Math416 Lecture 15

Review on Cauchy Integrals

The cauchy integral of function $\phi$ (may not be holomorphic) on curve $\Gamma$ (may not be closed) is

\int_{\Gamma}\frac{\phi(\zeta)}{\zeta-z}d\zeta

The Cauchy integral theorem states that if $f$ is holomorphic on a simply connected domain $D$ , then the integral of $f$ over any closed curve $\gamma$ in $D$ is 0.

\int_{\gamma}f(z)dz = 0

The Cauchy integral formula states that if $f$ is holomorphic on a simply connected domain $D$ , then $f$ over any closed curve $\gamma$ in $D$ is

f(z) = \frac{1}{2\pi i}\int_{\gamma}\frac{f(\zeta)}{\zeta-z}d\zeta

Continue on Cauchy Integrals (Chapter 7)

Convergence of functions

Theorem 7.15 Weierstrass Convergence Theorem

Limit of a sequence of holomorphic functions is holomorphic.
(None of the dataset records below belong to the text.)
section \<open>Regularity of the supremum over finite pasts\<close>

lemma glue_past:
  assumes y: "y \<in> SigmaM M" and yz: "(shift ^^ n) y = z"
    and z': "z' \<in> SigmaM M" and first: "z 0 = z' 0"
  shows "\<exists>y'\<in>SigmaM M. (shift ^^ n) y' = z' \<and> (\<forall>i<n. y' i = y i)"
proof -
  define y' where "y' j = (if j < n then y j else z' (j - n))" for j
  have yM: "M (y i) (y (Suc i))" and z'M: "M (z' i) (z' (Suc i))" for i
    using y z' by (simp_all add: SigmaM_def)
  have "M (y' j) (y' (Suc j))" for j
  proof (cases "Suc j < n")
    case True then show ?thesis using yM[of j] by (simp add: y'_def)
  next
    case False
    show ?thesis
    proof (cases "j < n")
      case True
      with False have "Suc j = n" by simp
      moreover have "y n = z' 0" using fun_cong[OF yz, of 0] first by (simp add: funpow_shift)
      ultimately show ?thesis using True yM[of j] by (simp add: y'_def)
    next
      case False
      then show ?thesis using z'M[of "j - n"] by (simp add: y'_def Suc_diff_le)
    qed
  qed
  then have "y' \<in> SigmaM M" by (simp add: SigmaM_def)
  moreover have "(shift ^^ n) y' = z'" by (simp add: funpow_shift y'_def fun_eq_iff)
  ultimately show ?thesis by (auto simp: y'_def)
qed

lemma past_sup_holder:
  assumes lam: "0 < lam" "lam < 1" and f: "holder_const lam (SigmaM M) f H"
    and bdd: "\<forall>n. \<forall>y\<in>SigmaM M. birkhoff_sum shift f n y \<le> K"
  shows "holder_const lam (SigmaM M) (past_sup shift (SigmaM M) f) (H * (lam / (1 - lam)))"
  unfolding holder_const_def
proof (intro conjI allI impI ballI)
  show "0 < H * (lam / (1 - lam))" using f lam by (simp add: holder_const_def)
  fix k z z' assume k: "1 \<le> k" and z: "z \<in> SigmaM M" and z': "z' \<in> SigmaM M"
    and agree: "\<forall>i<k. z i = z' i"
  have "past_sup shift (SigmaM M) f z \<le> past_sup shift (SigmaM M) f z' + H * (lam / (1 - lam)) * lam ^ k"
  proof (rule past_sup_least[OF z])
    fix n y assume y: "y \<in> SigmaM M" and yz: "(shift ^^ n) y = z"
    obtain y' where y': "y' \<in> SigmaM M" "(shift ^^ n) y' = z'" and prefix: "\<forall>i<n. y' i = y i"
      using glue_past[OF y yz z'] agree k by auto
    have "\<forall>i<n + k. y i = y' i"
    proof (intro allI impI)
      fix i assume i: "i < n + k"
      show "y i = y' i"
      proof (cases "i < n")
        case False
        have "y i = z (i - n)" "y' i = z' (i - n)"
          using fun_cong[OF yz, of "i - n"] fun_cong[OF y'(2), of "i - n"] False
          by (simp_all add: funpow_shift)
        moreover have "i - n < k" using i False by simp
        ultimately show ?thesis using agree by simp
      qed (use prefix in simp)
    qed
    then have "birkhoff_sum shift f n y - birkhoff_sum shift f n y' \<le> H * lam ^ k * (lam / (1 - lam))"
      by (rule birkhoff_sum_holder[OF lam f y y'(1)])
    moreover have "birkhoff_sum shift f n y' \<le> past_sup shift (SigmaM M) f z'"
      by (rule past_sup_upper[OF bdd y'])
    ultimately show "birkhoff_sum shift f n y
        \<le> past_sup shift (SigmaM M) f z' + H * (lam / (1 - lam)) * lam ^ k"
      by (simp add: mult_ac)
  qed
  then show "past_sup shift (SigmaM M) f z - past_sup shift (SigmaM M) f z'
      \<le> H * (lam / (1 - lam)) * lam ^ k" by simp
qed
lemma banach_holomorphic_on_limit:
  fixes f :: "nat \<Rightarrow> 'x::complex_banach \<Rightarrow> 'f::complex_banach"
  assumes U: "open U" and hol: "\<And>j. banach_holomorphic_on (f j) U"
    and bd: "\<And>j x. x \<in> U \<Longrightarrow> norm (f j x) \<le> M"
    and lim: "\<And>x. x \<in> U \<Longrightarrow> (\<lambda>j. f j x) \<longlonglongrightarrow> F x"
  shows "banach_holomorphic_on F U"
  unfolding banach_holomorphic_on_def
proof
  fix z
  assume z: "z \<in> U"
  obtain R where R: "0 < R" "ball z R \<subseteq> U"
    using U z open_contains_ball by blast
  have M: "0 \<le> M"
    using order_trans[OF norm_ge_zero bd[OF z]] by simp
  have "\<forall>j. \<exists>D. (f j has_derivative D) (at z) \<and> complex_linear D"
    using hol z unfolding banach_holomorphic_on_def by blast
  then obtain Dj where Dj: "\<And>j. (f j has_derivative Dj j) (at z)" "\<And>j. complex_linear (Dj j)"
    by metis
  have hol_R: "banach_holomorphic_on (f j) (ball z R)" for j
    by (rule banach_holomorphic_on_subset[OF hol R(2)])
  have bd_R: "\<And>x. x \<in> ball z R \<Longrightarrow> norm (f j x) \<le> M" for j
    using bd R(2) by blast
  have in_U: "z + h \<in> U" if "norm h < R / 4" for h
    using that R by (auto intro!: subsetD[OF R(2)] simp: dist_norm)
  obtain D where D: "\<And>h. (\<lambda>j. Dj j h) \<longlonglongrightarrow> D h" "(F has_derivative D) (at z)"
  proof (rule has_derivative_limit[of "R / 4" "16 * M / R\<^sup>2" f z F Dj "4 * M / R"])
    show "(\<lambda>j. f j (z + h)) \<longlonglongrightarrow> F (z + h)" if "norm h < R / 4" for h
      using lim in_U that by blast
    show "bounded_linear (Dj j)" for j
      using Dj(1) has_derivative_bounded_linear by blast
    show "norm (Dj j h) \<le> norm h * (4 * M / R)" for j h
      using norm_derivative_le[OF hol_R R(1) bd_R Dj] by (simp add: field_simps)
    show "norm (f j (z + h) - f j z - Dj j h) \<le> 16 * M / R\<^sup>2 * (norm h)\<^sup>2" if "norm h < R / 4" for j h
      using norm_derivative_remainder_le[OF hol_R R(1) bd_R Dj, of h] that by simp
  qed (use R M in auto)
  moreover have "complex_linear D"
    unfolding complex_linear_def
  proof (intro allI)
    fix c h
    have "(\<lambda>j. Dj j (c *\<^sub>C h)) \<longlonglongrightarrow> c *\<^sub>C D h"
      using bounded_linear.tendsto[OF bounded_linear_scaleC_right D(1)] Dj(2)
      by (simp add: complex_linear_def)
    then show "D (c *\<^sub>C h) = c *\<^sub>C D h"
      using D(1) LIMSEQ_unique by blast
  qed
  ultimately show "\<exists>D. (F has_derivative D) (at z) \<and> complex_linear D"
    by blast
qed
Let $G$ be an open subset of $\mathbb{C}$ and let $\left(f_n\right)_{n\in\mathbb{N}}$ be a sequence of holomorphic functions on $G$ that converges locally uniformly to $f$ on $G$ . Then $f$ is holomorphic on $G$ .

Proof:

Let $z_0\in G$ . There exists a neighborhood $\overline{B_r(z_0)}\subset G$ of $z_0$ such that $\left(f_n\right)_{n\in\mathbb{N}}$ converges uniformly on $\overline{B_r(z_0)}$ .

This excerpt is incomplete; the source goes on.